[Items from a data source]
....
lemma span_edges_subset_swap01:
  "span (edges Q ` {..<k}) \<subseteq> span (edges (Q \<circ> Transposition.transpose 0 1) ` {..<k})"
proof (rule span_minimal)
  let ?E' = "span (edges (Q \<circ> Transposition.transpose 0 1) ` {..<k})"
  show "edges Q ` {..<k} \<subseteq> ?E'"
  proof
    fix x assume "x \<in> edges Q ` {..<k}"
    then obtain i where i: "i < k" and x: "x = edges Q i" by blast
    have e0: "edges (Q \<circ> Transposition.transpose 0 1) 0 \<in> ?E'" using i by (intro span_base) auto
    have ei: "edges (Q \<circ> Transposition.transpose 0 1) i \<in> ?E'" using i by (intro span_base) auto
    show "x \<in> ?E'"
    proof (cases "i = 0")
      case True
      then have "x = - edges (Q \<circ> Transposition.transpose 0 1) 0"
        using x by (simp add: edges_def Transposition.transpose_def)
      then show ?thesis using e0 by (simp add: span_neg)
    next
      case False
      then have "x = edges (Q \<circ> Transposition.transpose 0 1) i - edges (Q \<circ> Transposition.transpose 0 1) 0"
        using x by (simp add: edges_def Transposition.transpose_def)
      then show ?thesis using e0 ei by (simp add: span_diff)
    qed
  qed
qed simp

lemma verts_in:
  assumes "a \<in> A" "b \<in> A" "\<forall>i\<in>{1..k - 1}. z i \<in> A" "i \<le> k"
  shows "verts a b z i \<in> A"
proof (cases "i \<le> 1")
  case True then show ?thesis using assms by (auto simp: verts_def le_Suc_eq)
next
  case False
  then have "i - 1 \<in> {1..k - 1}" using assms(4) by auto
  then show ?thesis using assms(3) False by (auto simp: verts_def)
qed

context positive_reach
begin

lemma inner_edges_normal_bound:
  assumes QA: "\<And>i. i \<le> k \<Longrightarrow> Q i \<in> A" and n: "\<And>t. t \<in> Tan A (Q 0) \<Longrightarrow> inner n t = 0"
    and r: "0 < r" "r < R" and l: "l < k"
  shows "\<bar>inner (edges Q l) n\<bar> \<le> (diameter (simplex_set k Q))\<^sup>2 * norm n / (2 * r)"
proof -
  have "\<bar>inner (edges Q l) n\<bar> \<le> (norm (edges Q l))\<^sup>2 * norm n / (2 * r)"
    using normal_inner_bound[OF QA[of 0] n r QA[of "Suc l"]] l by (simp add: edges_def)
  also have "\<dots> \<le> (diameter (simplex_set k Q))\<^sup>2 * norm n / (2 * r)"
    using norm_edges_le_diameter[OF l] r
    by (intro divide_right_mono mult_right_mono power_mono) auto
  finally show ?thesis .
qed

lemma span_edges_near_Tan_span:
  assumes QA: "\<And>i. i \<le> k \<Longrightarrow> Q i \<in> A" and k: "0 < k" and \<theta>: "0 < \<theta>" "\<theta> \<le> fullness k Q"
    and r: "0 < r" "r < R"
  shows "near (real k * diameter (simplex_set k Q) / (2 * r * fact k * \<theta>))
      (span (edges Q ` {..<k})) (Tan_span A (Q 0))"
  unfolding near_def
proof
  fix p assume p: "p \<in> span (edges Q ` {..<k})"
  define D where "D = diameter (simplex_set k Q)"
  define T where "T = Tan_span A (Q 0)"
  have D: "0 < D" unfolding D_def by (rule diameter_pos_of_fullness[OF k \<theta>])
  obtain \<pi> where "linear \<pi>" and \<pi>T: "\<And>x. \<pi> x \<in> T" and orth: "\<And>x w. w \<in> T \<Longrightarrow> inner (x - \<pi> x) w = 0"
    using subspace_orthogonal_projection_exists[of T] unfolding T_def Tan_span_def by blast
  define z where "z = p - \<pi> p"
  have "infdist p T = norm z"
    unfolding z_def by (rule infdist_subspace_eq_norm[OF _ \<pi>T orth]) (simp add: T_def Tan_span_def)
  also have "norm z \<le> real k * (D\<^sup>2 / (2 * r)) / (fact k * \<theta> * D) * norm p"
  proof (rule norm_le_of_inner_span_bound[OF p])
    show "inner p z = (norm z)\<^sup>2"
      using orth[OF \<pi>T[of p], of p] by (simp add: z_def power2_norm_eq_inner inner_diff_left inner_commute)
    show "0 < fact k * \<theta> * D" using D \<theta> by simp
    show "fact k * \<theta> * D \<le> height k (edges Q) l" if "l < k" for l
      unfolding D_def by (rule height_edges_ge_of_fullness[OF \<theta> that])
    show "0 \<le> D\<^sup>2 / (2 * r)" using r by simp
    have z_normal: "inner z t = 0" if "t \<in> Tan A (Q 0)" for t
      using orth[of t p] that by (simp add: z_def T_def Tan_span_def span_base)
    show "\<bar>inner (edges Q l) z\<bar> \<le> D\<^sup>2 / (2 * r) * norm z" if "l < k" for l
      using inner_edges_normal_bound[OF QA z_normal r that] by (simp add: D_def)
  qed
  also have "real k * (D\<^sup>2 / (2 * r)) / (fact k * \<theta> * D) = real k * D / (2 * r * fact k * \<theta>)"
    using D by (simp add: power2_eq_square field_simps)
  finally show "infdist p (Tan_span A (Q 0))
      \<le> real k * diameter (simplex_set k Q) / (2 * r * fact k * \<theta>) * norm p"
    by (simp add: T_def D_def)
qed

lemma span_edges_near_Tan_span_vertex_1:
  assumes QA: "\<And>i. i \<le> k \<Longrightarrow> Q i \<in> A" and k: "0 < k" and \<theta>: "0 < \<theta>" "\<theta> \<le> fullness k Q"
    and r: "0 < r" "r < R"
  shows "near (real k * diameter (simplex_set k Q) / (2 * r * fact k * \<theta>))
      (span (edges Q ` {..<k})) (Tan_span A (Q 1))"
proof -
  define Q' where "Q' = Q \<circ> Transposition.transpose 0 1"
  have "Q' i \<in> A" if "i \<le> k" for i
    using that k by (auto simp: Q'_def Transposition.transpose_def intro!: QA)
  moreover have "\<theta> \<le> fullness k Q'" unfolding Q'_def fullness_swap01[OF k] by (rule \<theta>(2))
  ultimately have "near (real k * diameter (simplex_set k Q') / (2 * r * fact k * \<theta>))
      (span (edges Q' ` {..<k})) (Tan_span A (Q' 0))"
    by (rule span_edges_near_Tan_span[OF _ k \<theta>(1) _ r])
  moreover have "diameter (simplex_set k Q') = diameter (simplex_set k Q)"
    unfolding Q'_def simplex_set_swap01[OF k] ..
  moreover have "Q' 0 = Q 1" by (simp add: Q'_def)
  moreover have "span (edges Q ` {..<k}) \<subseteq> span (edges Q' ` {..<k})"
    unfolding Q'_def by (rule span_edges_subset_swap01)
  ultimately show ?thesis by (metis near_antimono order_refl)
qed

lemma rho_Tan_span_vertices_le:
  assumes QA: "\<And>i. i \<le> k \<Longrightarrow> Q i \<in> A" and k: "0 < k" and \<theta>: "0 < \<theta>" "\<theta> \<le> fullness k Q"
    and r: "0 < r" "r < R" and dims: "dim (Tan_span A (Q 0)) = k" "dim (Tan_span A (Q 1)) = k"
  shows "rho (Tan_span A (Q 0)) (Tan_span A (Q 1)) \<le> real k * diameter (simplex_set k Q) / (r * fact k * \<theta>)"
proof -
  have "rho (Tan_span A (Q 0)) (Tan_span A (Q 1))
      \<le> 2 * (real k * diameter (simplex_set k Q) / (2 * r * fact k * \<theta>))"
  proof (rule rho_le_via_common_subspace[OF _ _ _ dims _ k])
    show "subspace (Tan_span A (Q 0))" "subspace (Tan_span A (Q 1))" "subspace (span (edges Q ` {..<k}))"
      by (simp_all add: Tan_span_def)
    show "dim (span (edges Q ` {..<k})) = k" by (rule dim_span_edges_of_fullness[OF \<theta>])
    show "0 \<le> real k * diameter (simplex_set k Q) / (2 * r * fact k * \<theta>)"
      using diameter_pos_of_fullness[OF k \<theta>] r \<theta> by simp
  qed (use span_edges_near_Tan_span[OF QA k \<theta> r] span_edges_near_Tan_span_vertex_1[OF QA k \<theta> r] in auto)
  then show ?thesis by simp
qed

end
....
Beginning at the top of the entries above, output each line exactly, and end with the line in which "0 1) 0 \<in>" appears.

### EXERCISE ANSWER:
lemma span_edges_subset_swap01:
  "span (edges Q ` {..<k}) \<subseteq> span (edges (Q \<circ> Transposition.transpose 0 1) ` {..<k})"
proof (rule span_minimal)
  let ?E' = "span (edges (Q \<circ> Transposition.transpose 0 1) ` {..<k})"
  show "edges Q ` {..<k} \<subseteq> ?E'"
  proof
    fix x assume "x \<in> edges Q ` {..<k}"
    then obtain i where i: "i < k" and x: "x = edges Q i" by blast
    have e0: "edges (Q \<circ> Transposition.transpose 0 1) 0 \<in> ?E'" using i by (intro span_base) auto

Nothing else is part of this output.